It’s hard to know where to go from here – the whole thing is such a mess – but we can start by rejecting this report and demanding real answers and justice for an entirely preventable disaster.


About Damien Gillis

Damien Gillis is a Vancouver-based documentary filmmaker with a focus on environmental and social justice issues - especially relating to water, energy, and saving Canada's wild salmon - working with many environmental organizations in BC and around the world. He is the co-founder, along with Rafe Mair, of The Common Sense Canadian, and a board member of both the BC Environmental Network and the Haig-Brown Institute.

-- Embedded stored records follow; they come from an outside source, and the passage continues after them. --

lemma admissible_imp_Lbar_rel:
  assumes adm: "admissible n r m i j s t p"
    and "s \<in> S_set n r m i" and "t \<in> S_set n r m j"
  shows "((i, s), (j, t)) \<in> Lbar_rel n r m"
proof -
  have "((i, s), (j, t)) \<in> (Lam_rel n r m)\<^sup>+"
    using adm unfolding admissible_def path_from_to_iff_trancl[symmetric] by blast
  then have "i \<le> j" and "j \<le> n"
    using Lam_trancl_level_le Lam_trancl_target_in_vertices by (fastforce simp: Lam_vertices_def)+
  moreover have "1 \<le> n_adm n r m i j s t"
    using finite_admissible adm by (auto simp: n_adm_def Suc_le_eq card_gt_0_iff)
  ultimately have "(i, j, s, t, 1) \<in> Lbar_edges n r m"
    using assms(2,3) by (simp add: Lbar_edges_def)
  from edge_in_edge_rel[OF this, of Lbar_src Lbar_rng] show ?thesis
    by (simp add: Lbar_src_def Lbar_rng_def)
qed

lemma low_path_imp_Lbar_rel:
  assumes "path_from_to (Lam_edges n r) (Lam_src r m) Lam_rng p v w"
    and "interior_vertices Lam_rng p \<inter> low_vertices r m = {}"
    and "v \<in> low_vertices r m \<inter> H_set n r m" and "w \<in> low_vertices r m \<inter> H_set n r m"
  shows "(v, w) \<in> Lbar_rel n r m"
proof -
  obtain i s j t where "v = (i, s)" "w = (j, t)"
    by fastforce
  moreover have "admissible n r m i j s t p"
    using assms(1,2) forbidden_subset_low_vertices[of r m i j] calculation
    unfolding admissible_def by blast
  ultimately show ?thesis
    using admissible_imp_Lbar_rel assms(3,4) mem_S_set_iff by metis
qed

section \<open>Cutting paths at low vertices\<close>

lemma Lam_reachable_split_at_low:
  assumes "0 < r" and "((0, 0), w) \<in> (Lam_rel n r m)\<^sup>+"
  shows "\<exists>v p. v \<in> low_vertices r m \<inter> H_set n r m \<and> ((0, 0), v) \<in> (Lbar_rel n r m)\<^sup>* \<and>
    path_from_to (Lam_edges n r) (Lam_src r m) Lam_rng p v w \<and>
    interior_vertices Lam_rng p \<inter> low_vertices r m = {}"
  using assms(2)
proof (induction rule: trancl_induct)
  case (base w)
  then obtain e where e: "e \<in> Lam_edges n r" "Lam_src r m e = (0, 0)" "Lam_rng e = w"
    by (auto simp: mem_edge_rel_iff)
  have "(0, 0) \<in> low_vertices r m \<inter> H_set n r m"
    using assms(1) level_base_in_H_set[of 0 n r m] by (simp add: low_vertices_def)
  with path_from_to_single[OF e(1), of "Lam_src r m" Lam_rng] e show ?case
    by (intro exI[of _ "(0, 0)"] exI[of _ "[e]"]) (simp add: interior_vertices_def)
next
  case (step w0 w)
  obtain v p where v: "v \<in> low_vertices r m \<inter> H_set n r m" "((0, 0), v) \<in> (Lbar_rel n r m)\<^sup>*"
    and p: "path_from_to (Lam_edges n r) (Lam_src r m) Lam_rng p v w0"
    and avoid: "interior_vertices Lam_rng p \<inter> low_vertices r m = {}"
    using step.IH by blast
  obtain e where e: "e \<in> Lam_edges n r" "Lam_src r m e = w0" "Lam_rng e = w"
    using step.hyps(2) by (auto simp: mem_edge_rel_iff)
  show ?case
  proof (cases "w0 \<in> low_vertices r m")
    case True
    have "w0 \<in> H_set n r m"
      using H_set_closed[OF trancl_into_rtrancl[OF step.hyps(1)]] level_base_in_H_set by blast
    with True have "(v, w0) \<in> Lbar_rel n r m"
      using low_path_imp_Lbar_rel[OF p avoid v(1)] by blast
    with v(2) have "((0, 0), w0) \<in> (Lbar_rel n r m)\<^sup>*"
      by (rule rtrancl_into_rtrancl)
    with True \<open>w0 \<in> H_set n r m\<close> path_from_to_single[OF e(1), of "Lam_src r m" Lam_rng] e show ?thesis
      by (intro exI[of _ w0] exI[of _ "[e]"]) (simp add: interior_vertices_def)
  next
    case False
    have "p \<noteq> []" and "Lam_rng (last p) = w0"
      using p by (simp_all add: path_from_to_def is_path_def)
    then have "path_from_to (Lam_edges n r) (Lam_src r m) Lam_rng (p @ [e]) v w"
      using p e path_from_to_snoc_iff by metis
    moreover have "interior_vertices Lam_rng (p @ [e]) \<inter> low_vertices r m = {}"
      using interior_vertices_snoc[OF \<open>p \<noteq> []\<close>, of Lam_rng e] \<open>Lam_rng (last p) = w0\<close>
        avoid False by simp
    ultimately show ?thesis
      using v by blast
  qed
qed

theorem lemma3p10:
  fixes n r :: nat and m :: "nat \<Rightarrow> nat"
  assumes "n \<ge> 1" and "r \<ge> 1" and "\<forall>l \<le> n. m l \<ge> 1"
  shows "\<forall>i \<le> n. \<forall>k \<in> S_set n r m i. \<exists>p.
           path_from_to (Lbar_edges n r m) Lbar_src Lbar_rng p (0, 0) (i, k)"
proof (intro allI impI ballI)
  fix i k
  assume "k \<in> S_set n r m i"
  then have low: "(i, k) \<in> low_vertices r m \<inter> H_set n r m"
    by (simp add: mem_S_set_iff)
  have "0 < r"
    using assms(2) by simp
  with low have "((0, 0), (i, k)) \<in> (Lam_rel n r m)\<^sup>+"
    using H_set_subset_reachable by blast
  then obtain v p where v: "v \<in> low_vertices r m \<inter> H_set n r m" "((0, 0), v) \<in> (Lbar_rel n r m)\<^sup>*"
    and p: "path_from_to (Lam_edges n r) (Lam_src r m) Lam_rng p v (i, k)"
    and avoid: "interior_vertices Lam_rng p \<inter> low_vertices r m = {}"
    using Lam_reachable_split_at_low[OF \<open>0 < r\<close>] by blast
  have "(v, (i, k)) \<in> Lbar_rel n r m"
    using low_path_imp_Lbar_rel[OF p avoid v(1) low] .
  with v(2) have "((0, 0), (i, k)) \<in> (Lbar_rel n r m)\<^sup>+"
    by (rule rtrancl_into_trancl1)
  then show "\<exists>p. path_from_to (Lbar_edges n r m) Lbar_src Lbar_rng p (0, 0) (i, k)"
    unfolding path_from_to_iff_trancl .
qed

end
(* Let $(I,<,\mathcal X,R,\mathrm{Mor})$ be a regular groupoid spine. Then: (1) there is a symmetric set $S$ with $R\subseteq S\subseteq I^2$ such that $(I,<,\mathcal X,R,\mathrm{Mor})$ extends to $S$; (2) in particular, if $|I|\ge 3$ then $(I,<,\mathcal X,R,\mathrm{Mor})$ extends to a groupoid.
   Context: A groupoid spine $(I,<,\mathcal X,R,\mathrm{Mor})$ consists of a linear order $(I,<)$, nonempty sets $\mathcal X=\{X_i:i\in I\}$, a nonempty relation $R\subseteq I^2$ containing all $(i,j)$ with $i<j$, and for each $(i,j)\in R$ a nonempty set $\operatorname{Mor}(i,j)$ of bijections $X_i\to X_j$, such that: if $(i,i)\in R$ then $\mathrm{id}_{X_i}\in\operatorname{Mor}(i,i)$; if $(i,j),(j,i)\in R$ and $f\in\operatorname{Mor}(i,j)$ then $f^{-1}\in\operatorname{Mor}(j,i)$; if $(i,j),(j,k),(i,k)\in R$, $f\in\operatorname{Mor}(i,j)$, $g\in\operatorname{Mor}(j,k)$ then $g\circ f\in\operatorname{Mor}(i,k)$. It is regular if for all $(i,j)\in R$, $x\in X_i$, $y\in X_j$ there is exactly one $f\in\operatorname{Mor}(i,j)$ with $f(x)=y$. For $R\subseteq S\subseteq I^2$, the spine extends to $S$ if one can define $\operatorname{Mor}(i,j)$ for $(i,j)\in S\setminus R$ (keeping $\operatorname{Mor}(i,j)$ unchanged for $(i,j)\in R$) so that $(I,<,\mathcal X,S,\mathrm{Mor})$ is a groupoid spine; it extends to a groupoid if it extends to $S=I^2$. $S$ is symmetric if $(i,j)\in S$ implies $(j,i)\in S$. *)

theory Defs
  imports Main "HOL-Library.FuncSet"
begin

text \<open>Morphisms X_i to X_j are represented as extensional functions (value undefined
  outside X_i), so that equality of morphisms is equality as maps X_i to X_j.\<close>

definition strict_linear_on :: "'i set \<Rightarrow> ('i \<Rightarrow> 'i \<Rightarrow> bool) \<Rightarrow> bool" where
  "strict_linear_on I lt \<longleftrightarrow>
     (\<forall>i\<in>I. \<not> lt i i) \<and>
     (\<forall>i\<in>I. \<forall>j\<in>I. \<forall>k\<in>I. lt i j \<longrightarrow> lt j k \<longrightarrow> lt i k) \<and>
     (\<forall>i\<in>I. \<forall>j\<in>I. i \<noteq> j \<longrightarrow> lt i j \<or> lt j i)"

definition groupoid_spine ::
  "'i set \<Rightarrow> ('i \<Rightarrow> 'i \<Rightarrow> bool) \<Rightarrow> ('i \<Rightarrow> 'x set) \<Rightarrow> ('i \<times> 'i) set
     \<Rightarrow> ('i \<Rightarrow> 'i \<Rightarrow> ('x \<Rightarrow> 'x) set) \<Rightarrow> bool" where
  "groupoid_spine I lt X R Mor \<longleftrightarrow>
     strict_linear_on I lt \<and>
     (\<forall>i\<in>I. X i \<noteq> {}) \<and>
     R \<noteq> {} \<and> R \<subseteq> I \<times> I \<and>
     (\<forall>i\<in>I. \<forall>j\<in>I. lt i j \<longrightarrow> (i, j) \<in> R) \<and>
     (\<forall>(i, j)\<in>R. Mor i j \<noteq> {} \<and>
        (\<forall>f\<in>Mor i j. f \<in> extensional (X i) \<and> bij_betw f (X i) (X j))) \<and>
     (\<forall>i. (i, i) \<in> R \<longrightarrow> (\<lambda>x\<in>X i. x) \<in> Mor i i) \<and>
     (\<forall>i j. (i, j) \<in> R \<longrightarrow> (j, i) \<in> R \<longrightarrow>
        (\<forall>f\<in>Mor i j. restrict (inv_into (X i) f) (X j) \<in> Mor j i)) \<and>
     (\<forall>i j k. (i, j) \<in> R \<longrightarrow> (j, k) \<in> R \<longrightarrow> (i, k) \<in> R \<longrightarrow>
        (\<forall>f\<in>Mor i j. \<forall>g\<in>Mor j k. compose (X i) g f \<in> Mor i k))"

definition regular_spine ::
  "'i set \<Rightarrow> ('i \<Rightarrow> 'i \<Rightarrow> bool) \<Rightarrow> ('i \<Rightarrow> 'x set) \<Rightarrow> ('i \<times> 'i) set
     \<Rightarrow> ('i \<Rightarrow> 'i \<Rightarrow> ('x \<Rightarrow> 'x) set) \<Rightarrow> bool" where
  "regular_spine I lt X R Mor \<longleftrightarrow>
     groupoid_spine I lt X R Mor \<and>
     (\<forall>(i, j)\<in>R. \<forall>x\<in>X i. \<forall>y\<in>X j. \<exists>!f. f \<in> Mor i j \<and> f x = y)"

definition extends_to ::
  "'i set \<Rightarrow> ('i \<Rightarrow> 'i \<Rightarrow> bool) \<Rightarrow> ('i \<Rightarrow> 'x set) \<Rightarrow> ('i \<times> 'i) set
     \<Rightarrow> ('i \<Rightarrow> 'i \<Rightarrow> ('x \<Rightarrow> 'x) set) \<Rightarrow> ('i \<times> 'i) set \<Rightarrow> bool" where
  "extends_to I lt X R Mor S \<longleftrightarrow>
     (\<exists>Mor'. (\<forall>(i, j)\<in>R. Mor' i j = Mor i j) \<and> groupoid_spine I lt X S Mor')"

definition extends_to_groupoid ::
  "'i set \<Rightarrow> ('i \<Rightarrow> 'i \<Rightarrow> bool) \<Rightarrow> ('i \<Rightarrow> 'x set) \<Rightarrow> ('i \<times> 'i) set
     \<Rightarrow> ('i \<Rightarrow> 'i \<Rightarrow> ('x \<Rightarrow> 'x) set) \<Rightarrow> bool" where
  "extends_to_groupoid I lt X R Mor \<longleftrightarrow> extends_to I lt X R Mor (I \<times> I)"

end

theory Submission
  imports Defs
begin

text \<open>For \<open>(i, j) \<in> R\<close> declare the morphisms \<open>j \<rightarrow> i\<close> to be the inverses of those \<open>i \<rightarrow> j\<close>.
  Regularity makes every hom-set simply transitive, and for simply transitive, inverse-closed
  hom-sets, closure of a triangle under composition does not depend on the order of its vertices.
  Sorting along \<open><\<close> turns every triangle of \<open>R \<union> R\<inverse>\<close> into a triangle of \<open>R\<close>, which gives
  the extension to \<open>R \<union> R\<inverse>\<close>.
  If \<open>I\<close> has at least three elements, every off-diagonal pair lies in \<open>R \<union> R\<inverse>\<close>; a bijection
  \<open>X i \<rightarrow> X i\<close> is declared a morphism iff precomposition with it preserves all hom-sets out
  of \<open>i\<close>. A third index shows that these loops form a simply transitive group, which contains,
  hence equals, \<open>Mor i i\<close> when \<open>(i, i) \<in> R\<close>; the permutation argument again gives closure
  under composition.\<close>

section \<open>Extensional bijections and simply transitive sets\<close>

definition ext_bij :: "'a set \<Rightarrow> 'b set \<Rightarrow> ('a \<Rightarrow> 'b) set" where
  "ext_bij A B = {f \<in> extensional A. bij_betw f A B}"

definition ext_inv :: "'a set \<Rightarrow> 'b set \<Rightarrow> ('a \<Rightarrow> 'b) \<Rightarrow> 'b \<Rightarrow> 'a" where
  "ext_inv A B f = restrict (inv_into A f) B"

lemma ext_bij_funcset: "f \<in> ext_bij A B \<Longrightarrow> f \<in> A \<rightarrow> B"
  by (simp add: ext_bij_def bij_betw_imp_funcset)

lemma ext_bij_extensional: "f \<in> ext_bij A B \<Longrightarrow> f \<in> extensional A"
  by (simp add: ext_bij_def)

lemma ext_bij_apply: "f \<in> ext_bij A B \<Longrightarrow> x \<in> A \<Longrightarrow> f x \<in> B"
  using ext_bij_funcset by blast

lemma ext_bij_eqI:
  "f \<in> ext_bij A B \<Longrightarrow> g \<in> ext_bij A C \<Longrightarrow> (\<And>x. x \<in> A \<Longrightarrow> f x = g x) \<Longrightarrow> f = g"
  by (auto simp: ext_bij_def intro: extensionalityI)

lemma compose_ext_bij: "f \<in> ext_bij A B \<Longrightarrow> g \<in> ext_bij B C \<Longrightarrow> compose A g f \<in> ext_bij A C"
  by (auto simp: ext_bij_def intro: bij_betw_compose)

lemma ext_inv_ext_bij: "f \<in> ext_bij A B \<Longrightarrow> ext_inv A B f \<in> ext_bij B A"
  by (simp add: ext_bij_def ext_inv_def bij_betw_inv_into)

lemma ext_inv_apply_left: "f \<in> ext_bij A B \<Longrightarrow> x \<in> A \<Longrightarrow> ext_inv A B f (f x) = x"
  by (auto simp: ext_bij_def ext_inv_def bij_betw_inv_into_left bij_betw_apply)

lemma ext_inv_apply_right: "f \<in> ext_bij A B \<Longrightarrow> y \<in> B \<Longrightarrow> f (ext_inv A B f y) = y"
  by (auto simp: ext_bij_def ext_inv_def bij_betw_inv_into_right)

lemma ext_inv_ext_inv:
  assumes f: "f \<in> ext_bij A B"
  shows "ext_inv B A (ext_inv A B f) = f"
proof (rule ext_bij_eqI[OF _ f])
  show "ext_inv B A (ext_inv A B f) \<in> ext_bij A B"
    by (intro ext_inv_ext_bij f)
  fix x assume "x \<in> A"
  then show "ext_inv B A (ext_inv A B f) x = f x"
    using ext_inv_apply_left[OF ext_inv_ext_bij[OF f] ext_bij_apply[OF f]]
    by (simp add: ext_inv_apply_left[OF f])
qed

lemma compose_ext_inv_left: "f \<in> ext_bij A B \<Longrightarrow> compose A (ext_inv A B f) f = (\<lambda>x\<in>A. x)"
  by (simp add: ext_bij_def ext_inv_def compose_inv_into_id)

lemma compose_ext_inv_cancel:
  assumes "d \<in> ext_bij B C" "g \<in> A \<rightarrow> B" "g \<in> extensional A"
  shows "compose A (ext_inv B C d) (compose A d g) = g"
  by (metis assms Id_compose compose_assoc compose_ext_inv_left)

lemma ext_inv_compose:
  assumes f: "f \<in> ext_bij A B" and g: "g \<in> ext_bij B C"
  shows "ext_inv A C (compose A g f) = compose C (ext_inv A B f) (ext_inv B C g)"
proof (rule ext_bij_eqI)
  show "ext_inv A C (compose A g f) \<in> ext_bij C A"
    by (intro ext_inv_ext_bij compose_ext_bij[OF f g])
  show "compose C (ext_inv A B f) (ext_inv B C g) \<in> ext_bij C A"
    by (intro compose_ext_bij[OF ext_inv_ext_bij ext_inv_ext_bij] f g)
next
  fix z assume "z \<in> C"
  define x where "x = ext_inv A B f (ext_inv B C g z)"
  have y: "ext_inv B C g z \<in> B"
    by (rule ext_bij_apply[OF ext_inv_ext_bij[OF g] \<open>z \<in> C\<close>])
  then have x: "x \<in> A"
    unfolding x_def by (rule ext_bij_apply[OF ext_inv_ext_bij[OF f]])
  have z: "z = compose A g f x"
    using \<open>z \<in> C\<close> f g x y unfolding x_def by (simp add: compose_eq ext_inv_apply_right)
  show "ext_inv A C (compose A g f) z = compose C (ext_inv A B f) (ext_inv B C g) z"
    using ext_inv_apply_left[OF compose_ext_bij[OF f g] x] x f g
    by (simp add: z compose_eq ext_bij_apply ext_inv_apply_left)
qed

definition simply_transitive :: "'a set \<Rightarrow> 'b set \<Rightarrow> ('a \<Rightarrow> 'b) set \<Rightarrow> bool" where
  "simply_transitive A B F \<longleftrightarrow> F \<subseteq> ext_bij A B \<and> (\<forall>x\<in>A. \<forall>y\<in>B. \<exists>!f\<in>F. f x = y)"

lemma simply_transitiveI:
  assumes "F \<subseteq> ext_bij A B"
    and "\<And>x y. x \<in> A \<Longrightarrow> y \<in> B \<Longrightarrow> \<exists>f\<in>F. f x = y"
    and "\<And>f g x. f \<in> F \<Longrightarrow> g \<in> F \<Longrightarrow> x \<in> A \<Longrightarrow> f x = g x \<Longrightarrow> f = g"
  shows "simply_transitive A B F"
  unfolding simply_transitive_def using assms by blast

lemma simply_transitive_ext_bij: "simply_transitive A B F \<Longrightarrow> f \<in> F \<Longrightarrow> f \<in> ext_bij A B"
  by (auto simp: simply_transitive_def)

lemma simply_transitive_ex:
  "simply_transitive A B F \<Longrightarrow> x \<in> A \<Longrightarrow> y \<in> B \<Longrightarrow> \<exists>f\<in>F. f x = y"
  unfolding simply_transitive_def by blast

lemma simply_transitive_unique:
  "simply_transitive A B F \<Longrightarrow> f \<in> F \<Longrightarrow> g \<in> F \<Longrightarrow> x \<in> A \<Longrightarrow> f x = g x \<Longrightarrow> f = g"
  unfolding simply_transitive_def by (metis ext_bij_apply subsetD)
text \<open>K = (sqrt K)^2 locally of trace class: Tr(P_L K P_L) = int_L int_X q(x,y)^2 < infinity.\<close>
definition locally_trace_class_sqrt_kernel :: "'a::topological_space measure \<Rightarrow> ('a \<Rightarrow> 'a \<Rightarrow> real) \<Rightarrow> bool" where
  "locally_trace_class_sqrt_kernel M q \<longleftrightarrow>
     (\<forall>L\<in>rel_compact_borel. (\<integral>\<^sup>+x. indicator L x * (\<integral>\<^sup>+y. ennreal ((q x y)\<^sup>2) \<partial>M) \<partial>M) < \<infinity>)"

definition square_kernel :: "'a measure \<Rightarrow> ('a \<Rightarrow> 'a \<Rightarrow> real) \<Rightarrow> 'a \<Rightarrow> 'a \<Rightarrow> real" where
  "square_kernel M q x y = (\<integral>z. q x z * q y z \<partial>M)"

definition centered_gaussian :: "'b measure \<Rightarrow> ('b \<Rightarrow> real) \<Rightarrow> bool" where
  "centered_gaussian P Z \<longleftrightarrow> Z \<in> borel_measurable P \<and>
     (\<exists>\<sigma>\<ge>0. distr P borel Z =
        (if \<sigma> = 0 then return borel 0 else density lborel (normal_density 0 \<sigma>)))"

end

theory Submission
  imports Defs
begin

text \<open>Let \<open>e\<^sub>n\<close> be an orthonormal basis of \<open>L\<^sup>2(\<nu>)\<close> (Gram-Schmidt applied to the indicators of a
  countable \<inter>-stable generator of the Borel sets consisting of sets of finite measure) and let
  \<open>\<xi>\<^sub>n\<close> be independent standard normal variables. Put \<open>Y(x) = \<Sum>n. \<langle>\<kappa>(x,\<cdot>), e\<^sub>n\<rangle> \<xi>\<^sub>n\<close>; local
  trace class makes \<open>\<kappa>(x,\<cdot>)\<close> square integrable for almost every \<open>x\<close>, so the coefficients are
  square summable. Summing along a fast subsequence of partial sums, the series converges almost
  surely, which makes \<open>Y\<close> jointly measurable and, via characteristic functions, each \<open>Y(x)\<close> a
  centered Gaussian. Finally \<open>E(Y(x) Y(y)) = \<Sum>n. \<langle>\<kappa>(x,\<cdot>), e\<^sub>n\<rangle> \<langle>\<kappa>(y,\<cdot>), e\<^sub>n\<rangle> = k(x,y)\<close> by
  Parseval's identity.\<close>

lemma sq_integrable_measurable [measurable_dest]: "sq_integrable M f \<Longrightarrow> f \<in> borel_measurable M"
  by (simp add: sq_integrable_def)

lemma sq_integrable_integrable_square: "sq_integrable M f \<Longrightarrow> integrable M (\<lambda>x. (f x)\<^sup>2)"
  by (simp add: sq_integrable_def)

lemma integrable_mult_sq_integrable:
  assumes "sq_integrable M f" "sq_integrable M g"
  shows "integrable M (\<lambda>x. f x * g x)"
proof (rule Bochner_Integration.integrable_bound)
  show "integrable M (\<lambda>x. ((f x)\<^sup>2 + (g x)\<^sup>2) / 2)"
    using assms by (auto simp: sq_integrable_def)
  have "2 * \<bar>f x * g x\<bar> \<le> (f x)\<^sup>2 + (g x)\<^sup>2" for x
    using sum_squares_bound[of "\<bar>f x\<bar>" "\<bar>g x\<bar>"] by (simp add: abs_mult)
  then show "AE x in M. norm (f x * g x) \<le> norm (((f x)\<^sup>2 + (g x)\<^sup>2) / 2)"
    by (intro AE_I2) (simp add: mult.commute)
qed (use assms in auto)

lemma sq_integrable_add:
  assumes "sq_integrable M f" "sq_integrable M g"
  shows "sq_integrable M (\<lambda>x. f x + g x)"
proof -
  have "integrable M (\<lambda>x. (f x)\<^sup>2 + 2 * (f x * g x) + (g x)\<^sup>2)"
    using assms integrable_mult_sq_integrable[OF assms] by (auto simp: sq_integrable_def)
  then show ?thesis
    using assms by (auto simp: sq_integrable_def power2_sum algebra_simps)
qed

lemma sq_integrable_cmult: "sq_integrable M f \<Longrightarrow> sq_integrable M (\<lambda>x. c * f x)"
  by (auto simp: sq_integrable_def power_mult_distrib)

lemma sq_integrable_diff:
  "sq_integrable M f \<Longrightarrow> sq_integrable M g \<Longrightarrow> sq_integrable M (\<lambda>x. f x - g x)"
  using sq_integrable_add[of M f "\<lambda>x. - 1 * g x"] sq_integrable_cmult[of M g "- 1"] by simp

lemma sq_integrable_zero: "sq_integrable M (\<lambda>x. 0)"
  by (simp add: sq_integrable_def)

lemma sq_integrable_sum:
  "(\<And>i. i \<in> A \<Longrightarrow> sq_integrable M (f i)) \<Longrightarrow> sq_integrable M (\<lambda>x. \<Sum>i\<in>A. f i x)"
proof (induction A rule: infinite_finite_induct)
  case (insert a A)
  then show ?case using sq_integrable_add[of M "f a" "\<lambda>x. \<Sum>i\<in>A. f i x"] by simp
qed (auto simp: sq_integrable_zero)

lemma sq_integrable_indicator:
  assumes "A \<in> sets M" "emeasure M A < \<infinity>"
  shows "sq_integrable M (indicator A :: _ \<Rightarrow> real)"
proof -
  have "(\<lambda>x. (indicator A x :: real)\<^sup>2) = indicator A"
    by (auto simp: indicator_def)
  then show ?thesis
    using assms by (auto simp: sq_integrable_def intro!: integrable_real_indicator)
qed

lemma nn_integral_square_eq_integral:
  "sq_integrable M f \<Longrightarrow> (\<integral>\<^sup>+x. ennreal ((f x)\<^sup>2) \<partial>M) = ennreal (\<integral>x. (f x)\<^sup>2 \<partial>M)"
  by (intro nn_integral_eq_integral) (auto simp: sq_integrable_def)

lemma integral_mult_square_le:
  assumes g: "sq_integrable M g" and h: "sq_integrable M h"
  shows "(\<integral>x. g x * h x \<partial>M)\<^sup>2 \<le> (\<integral>x. (g x)\<^sup>2 \<partial>M) * (\<integral>x. (h x)\<^sup>2 \<partial>M)"
proof -
  define A where "A = (\<integral>x. (g x)\<^sup>2 \<partial>M)"
  define B where "B = (\<integral>x. g x * h x \<partial>M)"
  define C where "C = (\<integral>x. (h x)\<^sup>2 \<partial>M)"
  have quadratic_nonneg: "0 \<le> A + 2 * t * B + t\<^sup>2 * C" for t
  proof -
    have "0 \<le> (\<integral>x. (g x + t * h x)\<^sup>2 \<partial>M)" by simp
    also have "\<dots> = (\<integral>x. (g x)\<^sup>2 + (2 * t) * (g x * h x) + t\<^sup>2 * (h x)\<^sup>2 \<partial>M)"
      by (simp add: power2_sum power_mult_distrib algebra_simps)
    also have "\<dots> = A + 2 * t * B + t\<^sup>2 * C"
      using sq_integrable_integrable_square[OF g] sq_integrable_integrable_square[OF h]
        integrable_mult_sq_integrable[OF g h]
      unfolding A_def B_def C_def by simp
    finally show ?thesis .
  qed
  have "B\<^sup>2 \<le> A * C"
  proof (cases "C = 0")
    case True
    have "B = 0"
    proof (rule ccontr)
      assume "B \<noteq> 0"
      then show False
        using quadratic_nonneg[of "- (A + 1) / (2 * B)"] True by (simp add: field_simps)
    qed
    then show ?thesis using True by simp
  next
    case False
    then have "C > 0" unfolding C_def by (simp add: less_le)
    then have "0 \<le> A - B\<^sup>2 / C"
      using quadratic_nonneg[of "- B / C"] by (simp add: field_simps power2_eq_square)
    then show ?thesis using \<open>C > 0\<close> by (simp add: field_simps)
  qed
  then show ?thesis unfolding A_def B_def C_def .
qed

23 thoughts on “Mount Polley investigation: Whitewash follows tailings flood – culprits let off the hook

  1. I’m down here in Australia and ashamed to admit I’m from BC! No one here believes a word of this – they accuse me of fabricating this story!

    It’s getting pretty difficult to make excuses!

  2. Great article Damien!! Once again you’ve brought some truth and solid facts to the forefront. Christy Clark is scrambling for ground as the announcement for search warrants come down and the search yields “missing documents”. The next warrants issued should be for the offices of both Bill Bennett and Christy Clark. How many more documents will be “missing” from their files. It all comes down to the irresponsibility of all parties. The BC government for lack of over sight and inspections, and Imperial Metals for over filling the pond and ignoring reports of problems. That being said, we’re still left with a clean up of gargantuan proportions, if at all possible. the damage to this lake is impossible to assess, but other industrial disasters on a much smaller scale have left “dead lakes and waterways” in their wake. Once again, our environment is sacrificed for the imaginary legacy Christy Clark craves. Great reporting Damien, looking forward to more of the same.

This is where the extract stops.